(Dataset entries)
(* Let $d\ge 0$ and let $G$ be a $d$-manifold with $w(G)=1+(-1)^d$. Then $G$ is Dehn-Sommerville.
   Context: A finite abstract simplicial complex is a finite set of non-empty finite sets closed under taking non-empty subsets. For $x\in G$, $w(x)=(-1)^{|x|-1}$ and $w(A)=\sum_{x\in A}w(x)$. For $x\in G$: $U(x)=\{y\in G: x\subset y\}$, $B(x)=\{y\in G : y\subset z \text{ for some } z\in U(x)\}$, $S(x)=B(x)\setminus U(x)$. A one-point complex $\{\{v\}\}$ is contractible, and $G$ is contractible if there is $x\in G$ with $S(x)$ and $G\setminus U(x)$ both contractible. The empty complex is the $(-1)$-sphere; for $k\ge 0$, $G$ is a $k$-manifold if every unit sphere $S(x)$, $x\in G$, is a $(k-1)$-sphere, and a $k$-sphere if it is a $k$-manifold and $G\setminus U(x)$ is contractible for some $x\in G$. For a complex $G$ of maximal dimension $d=\max_{x\in G}(|x|-1)$, $f_k(G)$ is the number of elements of cardinality $k+1$, $f_G(t)=1+\sum_{k=0}^d f_k(G)t^{k+1}$, and $h_G(x)=(x-1)^{d+1}f_G(1/(x-1))=h_0+h_1x+\cdots+h_{d+1}x^{d+1}$; $G$ is Dehn-Sommerville if $h_i=h_{d+1-i}$ for all $i=0,\dots,d+1$. *)

theory Defs
  imports "HOL-Computational_Algebra.Polynomial"
begin

definition simplicial_complex :: "'a set set \<Rightarrow> bool" where
  "simplicial_complex G \<longleftrightarrow> finite G \<and> (\<forall>x\<in>G. x \<noteq> {} \<and> finite x) \<and>
     (\<forall>x\<in>G. \<forall>y. y \<subseteq> x \<and> y \<noteq> {} \<longrightarrow> y \<in> G)"

definition wx :: "'a set \<Rightarrow> int" where
  "wx x = (-1) ^ (card x - 1)"

definition wG :: "'a set set \<Rightarrow> int" where
  "wG A = (\<Sum>x\<in>A. wx x)"

definition U :: "'a set set \<Rightarrow> 'a set \<Rightarrow> 'a set set" where
  "U G x = {y\<in>G. x \<subseteq> y}"

definition B :: "'a set set \<Rightarrow> 'a set \<Rightarrow> 'a set set" where
  "B G x = {y\<in>G. \<exists>z\<in>U G x. y \<subseteq> z}"

definition S :: "'a set set \<Rightarrow> 'a set \<Rightarrow> 'a set set" where
  "S G x = B G x - U G x"

inductive contractible :: "'a set set \<Rightarrow> bool" where
  point: "contractible {{v}}"
| step: "x \<in> G \<Longrightarrow> contractible (S G x) \<Longrightarrow> contractible (G - U G x) \<Longrightarrow> contractible G"

text \<open>sph k G: G is a (k-1)-sphere (so sph 0 G means G is the (-1)-sphere, i.e. empty).\<close>
fun sph :: "nat \<Rightarrow> 'a set set \<Rightarrow> bool" where
  "sph 0 G = (G = {})"
| "sph (Suc k) G = ((\<forall>x\<in>G. sph k (S G x)) \<and> (\<exists>x\<in>G. contractible (G - U G x)))"

definition manifold :: "nat \<Rightarrow> 'a set set \<Rightarrow> bool" where
  "manifold d G \<longleftrightarrow> (\<forall>x\<in>G. sph d (S G x))"

text \<open>dimp1 G = d + 1 where d is the maximal dimension (d = -1 for the empty complex).\<close>
definition dimp1 :: "'a set set \<Rightarrow> nat" where
  "dimp1 G = Max (insert 0 (card ` G))"

definition fvec :: "'a set set \<Rightarrow> nat \<Rightarrow> nat" where
  "fvec G k = card {x\<in>G. card x = k + 1}"

definition fpoly :: "'a set set \<Rightarrow> int poly" where
  "fpoly G = 1 + (\<Sum>k<dimp1 G. monom (int (fvec G k)) (k + 1))"

text \<open>h_G(x) = (x-1)^(d+1) f_G(1/(x-1)), written out: for f_G = sum_{j<=d+1} c_j t^j
  this is sum_{j<=d+1} c_j (x-1)^(d+1-j).\<close>
definition hpoly :: "'a set set \<Rightarrow> int poly" where
  "hpoly G = (\<Sum>j\<le>dimp1 G. smult (coeff (fpoly G) j) ([:-1, 1:] ^ (dimp1 G - j)))"

definition dehn_sommerville :: "'a set set \<Rightarrow> bool" where
  "dehn_sommerville G \<longleftrightarrow>
     (\<forall>i\<le>dimp1 G. coeff (hpoly G) i = coeff (hpoly G) (dimp1 G - i))"

end

theory Submission
  imports Defs "HOL-Library.Disjoint_Sets"
begin

text \<open>
  The weight w is additive, and toggling a fixed vertex of x pairs off the sets y with
  y \<union> x \<in> G, so w(B(x)) = 1 and w(U(x)) = 1 - w(S(x)). Induction along the definitions then
  gives w = 1 for contractible complexes and w = 1 - (-1)^k for (k-1)-spheres, hence
  w(U(x)) = (-1)^d for every face x of a d-manifold. Summing w(U(x)) over the faces x of
  cardinality k counts every face y with multiplicity C(|y|, k); this yields the relations
  sum_j (-1)^j C(j, k) c_j = -(-1)^d c_k between the coefficients c_j of f_G (for k = 0 it
  is the hypothesis on w(G)). They say f_G(-1 - t) = (-1)^(d+1) f_G(t), and the substitution
  t = 1/(x - 1), which sends -1 - t to x/(1 - x), turns this into x^(d+1) h_G(1/x) = h_G(x).
\<close>

section \<open>The weight of stars and spheres\<close>

lemma simplicial_complexD:
  assumes "simplicial_complex G"
  shows simplicial_complex_finite: "finite G"
    and simplicial_complex_face: "x \<in> G \<Longrightarrow> x \<noteq> {} \<and> finite x"
    and simplicial_complex_subface: "x \<in> G \<Longrightarrow> y \<subseteq> x \<Longrightarrow> y \<noteq> {} \<Longrightarrow> y \<in> G"
  using assms unfolding simplicial_complex_def by blast+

* _Problem requirements_: Reproduce each record exactly as it appears.

* _Response to the task_:
(* Let $d\ge 0$ and let $G$ be a $d$-manifold with $w(G)=1+(-1)^d$. Then $G$ is Dehn-Sommerville.
   Context: A finite abstract simplicial complex is a finite set of non-empty finite sets closed under taking non-empty subsets. For $x\in G$, $w(x)=(-1)^{|x|-1}$ and $w(A)=\sum_{x\in A}w(x)$. For $x\in G$: $U(x)=\{y\in G: x\subset y\}$, $B(x)=\{y\in G : y\subset z \text{ for some } z\in U(x)\}$, $S(x)=B(x)\setminus U(x)$. A one-point complex $\{\{v\}\}$ is contractible, and $G$ is contractible if there is $x\in G$ with $S(x)$ and $G\setminus U(x)$ both contractible. The empty complex is the $(-1)$-sphere; for $k\ge 0$, $G$ is a $k$-manifold if every unit sphere $S(x)$, $x\in G$, is a $(k-1)$-sphere, and a $k$-sphere if it is a $k$-manifold and $G\setminus U(x)$ is contractible for some $x\in G$. For a complex $G$ of maximal dimension $d=\max_{x\in G}(|x|-1)$, $f_k(G)$ is the number of elements of cardinality $k+1$, $f_G(t)=1+\sum_{k=0}^d f_k(G)t^{k+1}$, and $h_G(x)=(x-1)^{d+1}f_G(1/(x-1))=h_0+h_1x+\cdots+h_{d+1}x^{d+1}$; $G$ is Dehn-Sommerville if $h_i=h_{d+1-i}$ for all $i=0,\dots,d+1$. *)

theory Defs
  imports "HOL-Computational_Algebra.Polynomial"
begin

definition simplicial_complex :: "'a set set \<Rightarrow> bool" where
  "simplicial_complex G \<longleftrightarrow> finite G \<and> (\<forall>x\<in>G. x \<noteq> {} \<and> finite x) \<and>
     (\<forall>x\<in>G. \<forall>y. y \<subseteq> x \<and> y \<noteq> {} \<longrightarrow> y \<in> G)"

definition wx :: "'a set \<Rightarrow> int" where
  "wx x = (-1) ^ (card x - 1)"

definition wG :: "'a set set \<Rightarrow> int" where
  "wG A = (\<Sum>x\<in>A. wx x)"

definition U :: "'a set set \<Rightarrow> 'a set \<Rightarrow> 'a set set" where
  "U G x = {y\<in>G. x \<subseteq> y}"

definition B :: "'a set set \<Rightarrow> 'a set \<Rightarrow> 'a set set" where
  "B G x = {y\<in>G. \<exists>z\<in>U G x. y \<subseteq> z}"

definition S :: "'a set set \<Rightarrow> 'a set \<Rightarrow> 'a set set" where
  "S G x = B G x - U G x"

inductive contractible :: "'a set set \<Rightarrow> bool" where
  point: "contractible {{v}}"
| step: "x \<in> G \<Longrightarrow> contractible (S G x) \<Longrightarrow> contractible (G - U G x) \<Longrightarrow> contractible G"

text \<open>sph k G: G is a (k-1)-sphere (so sph 0 G means G is the (-1)-sphere, i.e. empty).\<close>
fun sph :: "nat \<Rightarrow> 'a set set \<Rightarrow> bool" where
  "sph 0 G = (G = {})"
| "sph (Suc k) G = ((\<forall>x\<in>G. sph k (S G x)) \<and> (\<exists>x\<in>G. contractible (G - U G x)))"

definition manifold :: "nat \<Rightarrow> 'a set set \<Rightarrow> bool" where
  "manifold d G \<longleftrightarrow> (\<forall>x\<in>G. sph d (S G x))"

text \<open>dimp1 G = d + 1 where d is the maximal dimension (d = -1 for the empty complex).\<close>
definition dimp1 :: "'a set set \<Rightarrow> nat" where
  "dimp1 G = Max (insert 0 (card ` G))"

definition fvec :: "'a set set \<Rightarrow> nat \<Rightarrow> nat" where
  "fvec G k = card {x\<in>G. card x = k + 1}"

definition fpoly :: "'a set set \<Rightarrow> int poly" where
  "fpoly G = 1 + (\<Sum>k<dimp1 G. monom (int (fvec G k)) (k + 1))"

text \<open>h_G(x) = (x-1)^(d+1) f_G(1/(x-1)), written out: for f_G = sum_{j<=d+1} c_j t^j
  this is sum_{j<=d+1} c_j (x-1)^(d+1-j).\<close>
definition hpoly :: "'a set set \<Rightarrow> int poly" where
  "hpoly G = (\<Sum>j\<le>dimp1 G. smult (coeff (fpoly G) j) ([:-1, 1:] ^ (dimp1 G - j)))"

definition dehn_sommerville :: "'a set set \<Rightarrow> bool" where
  "dehn_sommerville G \<longleftrightarrow>
     (\<forall>i\<le>dimp1 G. coeff (hpoly G) i = coeff (hpoly G) (dimp1 G - i))"

end

theory Submission
  imports Defs "HOL-Library.Disjoint_Sets"
begin

text \<open>
  The weight w is additive, and toggling a fixed vertex of x pairs off the sets y with
  y \<union> x \<in> G, so w(B(x)) = 1 and w(U(x)) = 1 - w(S(x)). Induction along the definitions then
  gives w = 1 for contractible complexes and w = 1 - (-1)^k for (k-1)-spheres, hence
  w(U(x)) = (-1)^d for every face x of a d-manifold. Summing w(U(x)) over the faces x of
  cardinality k counts every face y with multiplicity C(|y|, k); this yields the relations
  sum_j (-1)^j C(j, k) c_j = -(-1)^d c_k between the coefficients c_j of f_G (for k = 0 it
  is the hypothesis on w(G)). They say f_G(-1 - t) = (-1)^(d+1) f_G(t), and the substitution
  t = 1/(x - 1), which sends -1 - t to x/(1 - x), turns this into x^(d+1) h_G(1/x) = h_G(x).
\<close>

section \<open>The weight of stars and spheres\<close>

lemma simplicial_complexD:
  assumes "simplicial_complex G"
  shows simplicial_complex_finite: "finite G"
    and simplicial_complex_face: "x \<in> G \<Longrightarrow> x \<noteq> {} \<and> finite x"
    and simplicial_complex_subface: "x \<in> G \<Longrightarrow> y \<subseteq> x \<Longrightarrow> y \<noteq> {} \<Longrightarrow> y \<in> G"
  using assms unfolding simplicial_complex_def by blast+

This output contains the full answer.